I examined the photograph still more closely. It displayed a lady of twenty or thereabouts, with a weak face, small, vacant features, a feeble chin, a good-humoured, simple mouth, and a wealth of golden hair that seemed to strike a keynote.
“In the theatrical profession?” I inquired at last, looking up.
He hesitated. “Well, not exactly,” he answered.
I pursed my lips and blew a ring. “Music-hall stage?” I went on, dubiously.
He nodded. “But a girl is not necessarily any the less a lady because she sings at a music-hall,” he added, with warmth, displaying an evident desire to be just to his betrothed, however much he admired Daphne.
“Certainly not,” I admitted. “A lady is a lady; no occupation can in itself unladify her.... But on the music-hall stage, the odds, one must admit, are on the whole against her.”
“Now, THERE you show prejudice!”
“One may be quite unprejudiced,” I answered, “and yet allow that connection with the music-halls does not, as such, afford clear proof that a girl is a compound of all the virtues.”

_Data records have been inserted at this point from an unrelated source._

lemma finite_muF:
  assumes "is_subfield F" and "degree_over_Q F d"
  shows "finite (muF F)"
proof (rule finite_subset)
  define P where "P = {g :: int poly. degree g \<le> d \<and> (\<forall>k. \<bar>poly.coeff g k\<bar> \<le> 2 ^ Suc d)}"
  show "muF F \<subseteq> (\<Union>g \<in> P - {0}. {\<zeta>. poly (of_int_poly g) \<zeta> = 0})"
  proof
    fix \<zeta> assume "\<zeta> \<in> muF F"
    then obtain n where "\<zeta> \<in> F" and "n > 0" and "\<zeta> ^ n = 1" unfolding muF_def by auto
    obtain p :: "rat poly" where p: "p \<noteq> 0" "degree p \<le> d" "poly (map_poly of_rat p) \<zeta> = 0"
      using degree_over_Q_rat_poly_root[OF assms \<open>\<zeta> \<in> F\<close>] by blast
    obtain q :: "int poly" where q: "q \<noteq> 0" "degree q = degree p" "poly (of_int_poly q) \<zeta> = 0"
      using int_poly_root_of_rat_poly_root[OF p(1,3)] by blast
    obtain g where "g \<noteq> 0" "degree g \<le> d" "\<forall>k. \<bar>poly.coeff g k\<bar> \<le> 2 ^ Suc d"
      and "poly (of_int_poly g) \<zeta> = 0"
      using root_of_unity_root_of_bounded_int_poly[OF \<open>\<zeta> ^ n = 1\<close> \<open>n > 0\<close> q(1) _ q(3)] q(2) p(2)
      by auto
    then show "\<zeta> \<in> (\<Union>g \<in> P - {0}. {\<zeta>. poly (of_int_poly g) \<zeta> = 0})"
      unfolding P_def by blast
  qed
  show "finite (\<Union>g \<in> P - {0}. {\<zeta>. poly (of_int_poly g) \<zeta> = (0 :: complex)})"
  proof (intro finite_UN_I)
    show "finite (P - {0})" unfolding P_def using finite_int_polys_bounded by blast
    fix g assume "g \<in> P - {0}"
    then have "of_int_poly g \<noteq> (0 :: complex poly)" by simp
    then show "finite {\<zeta> :: complex. poly (of_int_poly g) \<zeta> = 0}" by (rule poly_roots_finite)
  qed
qed

section \<open>Roots of unity under the Galois action\<close>

lemma field_aut_closed: "is_field_aut F s \<Longrightarrow> a \<in> F \<Longrightarrow> s a \<in> F"
  unfolding is_field_aut_def by (auto dest: bij_betw_apply)

lemma field_aut_power:
  assumes "is_subfield F" and "is_field_aut F s" and "a \<in> F"
  shows "s (a ^ n) = s a ^ n"
proof (induction n)
  case 0
  then show ?case using assms(2) by (simp add: is_field_aut_def)
next
  case (Suc n)
  have "s (a * a ^ n) = s a * s (a ^ n)"
    using assms subfield_power_closed[OF assms(1,3)] unfolding is_field_aut_def by blast
  then show ?case using Suc by simp
qed

lemma field_aut_muF:
  assumes "is_subfield F" and "is_field_aut F s" and "f \<in> muF F"
  shows "s f \<in> muF F"
proof -
  obtain n where "f \<in> F" and "n > 0" and "f ^ n = 1" using assms(3) unfolding muF_def by auto
  then have "s f ^ n = 1"
    using field_aut_power[OF assms(1,2)] assms(2) by (metis is_field_aut_def)
  then show ?thesis using field_aut_closed[OF assms(2) \<open>f \<in> F\<close>] \<open>n > 0\<close> unfolding muF_def by blast
qed

lemma funpow_field_aut_muF:
  assumes "is_subfield F" and "is_field_aut F s" and "f \<in> muF F"
  shows "(s ^^ k) f \<in> muF F"
  by (induction k) (simp_all add: assms field_aut_muF)

lemma norm_muF: "f \<in> muF F \<Longrightarrow> cmod f = 1"
  unfolding muF_def by (auto dest: power_eq_1_iff)

lemma G_muF_eq:
  assumes "is_subfield F" and "is_field_aut F \<tau>" and "f \<in> muF F"
  shows "G \<tau> x y z f = G_root_of_unity x y z"
proof -
  have emb_in: "emb \<tau> i g \<in> muF F" if "g \<in> muF F" for i g
    using funpow_field_aut_muF[OF assms(1,2) that] by (simp add: emb_def)
  have unit: "cmod (emb \<tau> i f) = 1" "cmod (emb \<tau> j (emb \<tau> i f)) = 1" for i j
    by (intro norm_muF[of _ F] emb_in assms(3))+
  have "G1 \<tau> x y z (emb \<tau> i f) = exp (- 2 * pi * ((exp (2*x) - 1) + (exp (2*y) - 1) + (exp (2*z) - 1))) - 1"
    for i by (simp add: G1_def unit)
  moreover have "normsq \<tau> f = 6" by (simp add: normsq_def unit)
  ultimately show ?thesis by (simp add: G_def G2_def G_root_of_unity_def)
qed

theorem proposition8p4:
  fixes F :: "complex set" and \<tau> :: "complex \<Rightarrow> complex" and x y z :: real
  assumes "imag_cyclic_sextic F \<tau>"
    and "x + y + z = 0"
    and "0 < wnormsq x y z" and "wnormsq x y z < 0.24163 ^ 2"
  shows "T1 F \<tau> x y z < - 98.4664 * 10 powi (-9) * real (card (muF F))"
proof -
  have F: "is_subfield F" "degree_over_Q F 6" "is_field_aut F \<tau>"
    using assms(1) unfolding imag_cyclic_sextic_def by auto
  have "1 \<in> muF F"
    using F(1) unfolding muF_def is_subfield_def by (auto intro: exI[of _ "1 :: nat"])
  then have "0 < card (muF F)" using finite_muF[OF F(1,2)] by (auto simp: card_gt_0_iff)
  then have "real (card (muF F)) * G_root_of_unity x y z < real (card (muF F)) * (- 98.4664 * 10 powi (-9))"
    using G_root_of_unity_lt[OF assms(2-4)] by (intro mult_strict_left_mono) auto
  moreover have "T1 F \<tau> x y z = real (card (muF F)) * G_root_of_unity x y z"
    unfolding T1_def using G_muF_eq[OF F(1,3)] by simp
  ultimately show ?thesis by (simp add: mult.commute)
qed

end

“I think she's a good girl,” he retorted, slowly.
“Then why do you want to throw her over?” I inquired.
“I don't. That's just it. On the contrary, I mean to keep my word and marry her.”

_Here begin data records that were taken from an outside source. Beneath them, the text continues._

lemma mem_powers_self:
  assumes "a \<in> A"
  shows "a \<in> powers a"
proof -
  have "(mul a ^^ 1) u = a"
    using mul_unit_right[OF assms] by simp
  then show ?thesis
    unfolding powers_def by (metis rangeI)
qed

lemma powers_mul_closed:
  assumes a: "a \<in> A" and "s \<in> powers a" "t \<in> powers a"
  shows "mul s t \<in> powers a"
proof -
  have funpow_add: "(mul a ^^ (m + n)) u = mul ((mul a ^^ m) u) ((mul a ^^ n) u)" for m n
  proof (induction m)
    case 0
    show ?case
      by (simp add: a funpow_mul_closed mul_unit_left)
  next
    case (Suc m)
    then show ?case
      by (simp add: a funpow_mul_closed mul_assoc)
  qed
  obtain m n where "s = (mul a ^^ m) u" "t = (mul a ^^ n) u"
    using assms(2,3) unfolding powers_def by blast
  then have "mul s t = (mul a ^^ (m + n)) u"
    by (simp add: funpow_add)
  then show ?thesis
    unfolding powers_def by (metis rangeI)
qed

lemma mem_prime_if_powers_meet:
  assumes P: "prime_ideal P" and a: "a \<in> A" and "P \<inter> powers a \<noteq> {}"
  shows "a \<in> P"
proof -
  obtain n where n: "(mul a ^^ n) u \<in> P"
    using assms(3) unfolding powers_def by blast
  have "u \<notin> P"
    using P ideal_eq_carrier_if_unit unfolding pr_prime_ideal_def by blast
  then show ?thesis
    using n
  proof (induction n)
    case (Suc n)
    then show ?case
      using P a funpow_mul_closed[OF a] unfolding pr_prime_ideal_def by auto
  qed simp
qed

lemma prime_if_maximal_avoiding:
  assumes P: "ideal P" "P \<inter> M = {}" and M: "M \<subseteq> A" "u \<in> M"
    and M_mul: "\<And>s t. s \<in> M \<Longrightarrow> t \<in> M \<Longrightarrow> mul s t \<in> M"
    and maximal: "\<And>I. ideal I \<Longrightarrow> P \<subseteq> I \<Longrightarrow> I \<inter> M = {} \<Longrightarrow> I = P"
  shows "prime_ideal P"
proof -
  have meets: "\<exists>s\<in>M. s \<in> ideal_span (insert x P)" if "x \<in> A" and "x \<notin> P" for x
  proof (rule ccontr)
    assume "\<not> (\<exists>s\<in>M. s \<in> ideal_span (insert x P))"
    moreover have "ideal (ideal_span (insert x P))"
      using ideal_ideal_span ideal_subset[OF P(1)] \<open>x \<in> A\<close> by simp
    moreover have "P \<subseteq> ideal_span (insert x P)" and "x \<in> ideal_span (insert x P)"
      using ideal_span_superset by blast+
    ultimately show False
      using maximal[of "ideal_span (insert x P)"] \<open>x \<notin> P\<close> by blast
  qed
  show ?thesis
    unfolding pr_prime_ideal_def
  proof (intro conjI ballI impI)
    show "ideal P"
      using P(1) .
    show "P \<noteq> A"
      using P(2) M by blast
    show "x \<in> P \<or> y \<in> P" if "x \<in> A" and "y \<in> A" and "mul x y \<in> P" for x y
    proof (rule ccontr)
      assume "\<not> (x \<in> P \<or> y \<in> P)"
      then obtain s t where s: "s \<in> M" "s \<in> ideal_span (insert x P)"
        and t: "t \<in> M" "t \<in> ideal_span (insert y P)"
        using meets \<open>x \<in> A\<close> \<open>y \<in> A\<close> by blast
      have "mul s y \<in> P"
        using mul_mem_if_mem_ideal_span_insert[OF P(1) \<open>x \<in> A\<close> \<open>y \<in> A\<close> \<open>mul x y \<in> P\<close> s(2)] .
      then have "mul y s \<in> P"
        using mul_commute \<open>y \<in> A\<close> s(1) M(1) by auto
      then have "mul t s \<in> P"
        using mul_mem_if_mem_ideal_span_insert[OF P(1) \<open>y \<in> A\<close> _ _ t(2)] s(1) M(1) by blast
      then show False
        using M_mul[OF t(1) s(1)] P(2) by blast
    qed
  qed
qed

lemma prime_ideal_avoiding:
  assumes J: "ideal J" and M: "M \<subseteq> A" "u \<in> M"
    and M_mul: "\<And>s t. s \<in> M \<Longrightarrow> t \<in> M \<Longrightarrow> mul s t \<in> M"
    and disjoint: "J \<inter> M = {}"
  obtains P where "prime_ideal P" "J \<subseteq> P" "P \<inter> M = {}"
proof -
  define \<Z> where "\<Z> = {I. ideal I \<and> J \<subseteq> I \<and> I \<inter> M = {}}"
  have chain_Union: "\<Union>\<C> \<in> \<Z>" if "\<C> \<noteq> {}" and "subset.chain \<Z> \<C>" for \<C>
  proof -
    have "\<C> \<subseteq> \<Z>" and linear: "\<And>I K. I \<in> \<C> \<Longrightarrow> K \<in> \<C> \<Longrightarrow> I \<subseteq> K \<or> K \<subseteq> I"
      using \<open>subset.chain \<Z> \<C>\<close> unfolding subset_chain_def by blast+
    have "ideal (\<Union>\<C>)"
    proof (rule ideal_Union_directed[OF \<open>\<C> \<noteq> {}\<close>])
      show "ideal I" if "I \<in> \<C>" for I
        using that \<open>\<C> \<subseteq> \<Z>\<close> unfolding \<Z>_def by blast
      show "\<exists>K\<in>\<C>. I \<union> I' \<subseteq> K" if "I \<in> \<C>" and "I' \<in> \<C>" for I I'
        using linear[OF that] that by (metis sup.order_iff sup_commute order_refl)
    qed
    moreover have "J \<subseteq> \<Union>\<C>" and "\<Union>\<C> \<inter> M = {}"
      using \<open>\<C> \<noteq> {}\<close> \<open>\<C> \<subseteq> \<Z>\<close> unfolding \<Z>_def by auto
    ultimately show ?thesis
      unfolding \<Z>_def by blast
  qed
  have "J \<in> \<Z>"
    unfolding \<Z>_def using J disjoint by blast
  then obtain P where "P \<in> \<Z>" and maximal: "\<forall>I\<in>\<Z>. P \<subseteq> I \<longrightarrow> I = P"
    using subset_Zorn_nonempty[of \<Z>, OF _ chain_Union] by blast
  then have P: "ideal P" "J \<subseteq> P" "P \<inter> M = {}"
    unfolding \<Z>_def by auto
  have "prime_ideal P"
  proof (rule prime_if_maximal_avoiding[OF P(1,3) M M_mul])
    show "I = P" if "ideal I" and "P \<subseteq> I" and "I \<inter> M = {}" for I
      using maximal that P(2) unfolding \<Z>_def by blast
  qed
  then show thesis
    using that P(2,3) by blast
qed

lemma prime_ideal_mul_iff:
  assumes P: "prime_ideal P" and "a \<in> A" "b \<in> A"
  shows "mul a b \<in> P \<longleftrightarrow> a \<in> P \<or> b \<in> P"
proof -
  have "ideal P"
    using P unfolding pr_prime_ideal_def by blast
  then have "a \<in> P \<or> b \<in> P \<Longrightarrow> mul a b \<in> P"
    using assms(2,3) ideal_mul_right unfolding pr_ideal_def by blast
  moreover have "mul a b \<in> P \<Longrightarrow> a \<in> P \<or> b \<in> P"
    using P assms(2,3) unfolding pr_prime_ideal_def by blast
  ultimately show ?thesis
    by blast
qed

lemma D_mul: "a \<in> A \<Longrightarrow> b \<in> A \<Longrightarrow> D (mul a b) = D a \<inter> D b"
  unfolding pr_D_def pr_spec_def using prime_ideal_mul_iff by auto

lemma Spec_eq_D_unit: "Spec = D u"
  unfolding pr_D_def pr_spec_def pr_prime_ideal_def using ideal_eq_carrier_if_unit by blast

lemma ideal_span_meets_powers_if_D_cover:
  assumes a: "a \<in> A" and B: "B \<subseteq> A" and cover: "D a \<subseteq> (\<Union>b\<in>B. D b)"
  shows "ideal_span B \<inter> powers a \<noteq> {}"
proof
  assume "ideal_span B \<inter> powers a = {}"
  then obtain P where P: "prime_ideal P" "ideal_span B \<subseteq> P" "P \<inter> powers a = {}"
    using prime_ideal_avoiding[OF ideal_ideal_span[OF B] powers_subset[OF a]
        unit_mem_powers powers_mul_closed[OF a]] by blast
  then have "P \<in> D a"
    using mem_powers_self[OF a] unfolding pr_D_def pr_spec_def by blast
  then show False
    using cover P(2) ideal_span_superset unfolding pr_D_def by blast
qed

lemma D_finite_subcover:
  assumes a: "a \<in> A" and B: "B \<subseteq> A" and "D a \<subseteq> (\<Union>b\<in>B. D b)"
  obtains B0 where "finite B0" "B0 \<subseteq> B" "D a \<subseteq> (\<Union>b\<in>B0. D b)"
proof -
  obtain s where "s \<in> ideal_span B" "s \<in> powers a"
    using ideal_span_meets_powers_if_D_cover[OF assms] by blast
  then obtain B0 where B0: "finite B0" "B0 \<subseteq> B" "s \<in> ideal_span B0"
    using mem_ideal_span_finite B by metis
  have "P \<in> (\<Union>b\<in>B0. D b)" if "P \<in> D a" for P
  proof (rule ccontr)
    assume "P \<notin> (\<Union>b\<in>B0. D b)"
    with that have "prime_ideal P" "a \<notin> P" "B0 \<subseteq> P"
      unfolding pr_D_def pr_spec_def by auto
    then show False
      using ideal_span_least mem_prime_if_powers_meet[OF _ a] B0(3) \<open>s \<in> powers a\<close>
      unfolding pr_prime_ideal_def by blast
  qed
  then show thesis
    using that B0 by blast
qed

lemma compactin_D:
  assumes "a \<in> A"
  shows "compactin (pr_zariski A S add mul z) (D a)"
  unfolding pr_zariski_def
proof (rule compactin_topology_generated_by_Int_closed)
  show "U \<inter> V \<in> D ` A" if U: "U \<in> D ` A" and V: "V \<in> D ` A" for U V
  proof -
    obtain b c where "b \<in> A" "c \<in> A" "U = D b" "V = D c"
      using U V by blast
    then have "U \<inter> V = D (mul b c)"
      by (simp add: D_mul)
    then show ?thesis
      using \<open>b \<in> A\<close> \<open>c \<in> A\<close> mul_closed by blast
  qed
  show "D a \<subseteq> \<Union>(D ` A)"
    using assms by blast
  show "\<exists>\<F>. finite \<F> \<and> \<F> \<subseteq> \<C> \<and> D a \<subseteq> \<Union>\<F>" if "\<C> \<subseteq> D ` A" and "D a \<subseteq> \<Union>\<C>" for \<C>
  proof -
    obtain B where B: "B \<subseteq> A" and \<C>: "\<C> = D ` B"
      using \<open>\<C> \<subseteq> D ` A\<close> unfolding subset_image_iff by blast
    have "D a \<subseteq> (\<Union>b\<in>B. D b)"
      using \<open>D a \<subseteq> \<Union>\<C>\<close> \<C> by simp
    then obtain B0 where "finite B0" "B0 \<subseteq> B" "D a \<subseteq> (\<Union>b\<in>B0. D b)"
      using D_finite_subcover[OF assms B] by blast
    then show ?thesis
      unfolding \<C> by (intro exI[of _ "D ` B0"] conjI finite_imageI image_mono)
  qed
qed

end

theorem mainTheorem10:
  assumes "partial_ring A S add mul z u"
  shows "(\<forall>a \<in> A. compactin (pr_zariski A S add mul z) (pr_D A S add mul z a))
         \<and> compactin (pr_zariski A S add mul z) (pr_spec A S add mul z)"
proof -
  interpret pring A S add mul z u
    using assms by unfold_locales
  show ?thesis
    using compactin_D unit_closed unfolding Spec_eq_D_unit by blast
qed

end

“IN ORDER to keep your word?” I suggested.
He nodded. “Precisely. It is a point of honour.”
“That's a poor ground of marriage,” I went on. “Mind, I don't want for a moment to influence you, as Daphne's cousin. I want to get at the truth of the situation. I don't even know what Daphne thinks of you. But you promised me a clean breast. Be a man and bare it.”
He bared it instantly. “I thought I was in love with this girl, you see,” he went on, “till I saw Miss Tepping.”
“That makes a difference,” I admitted.
“And I couldn't bear to break her heart.”
“Heaven forbid!” I cried. “It is the one unpardonable sin. Better anything than that.” Then I grew practical. “Father's consent?”
“MY father's? IS it likely? He expects me to marry into some distinguished English family.”
I hummed a moment. “Well, out with it!” I exclaimed, pointing my cigar at him.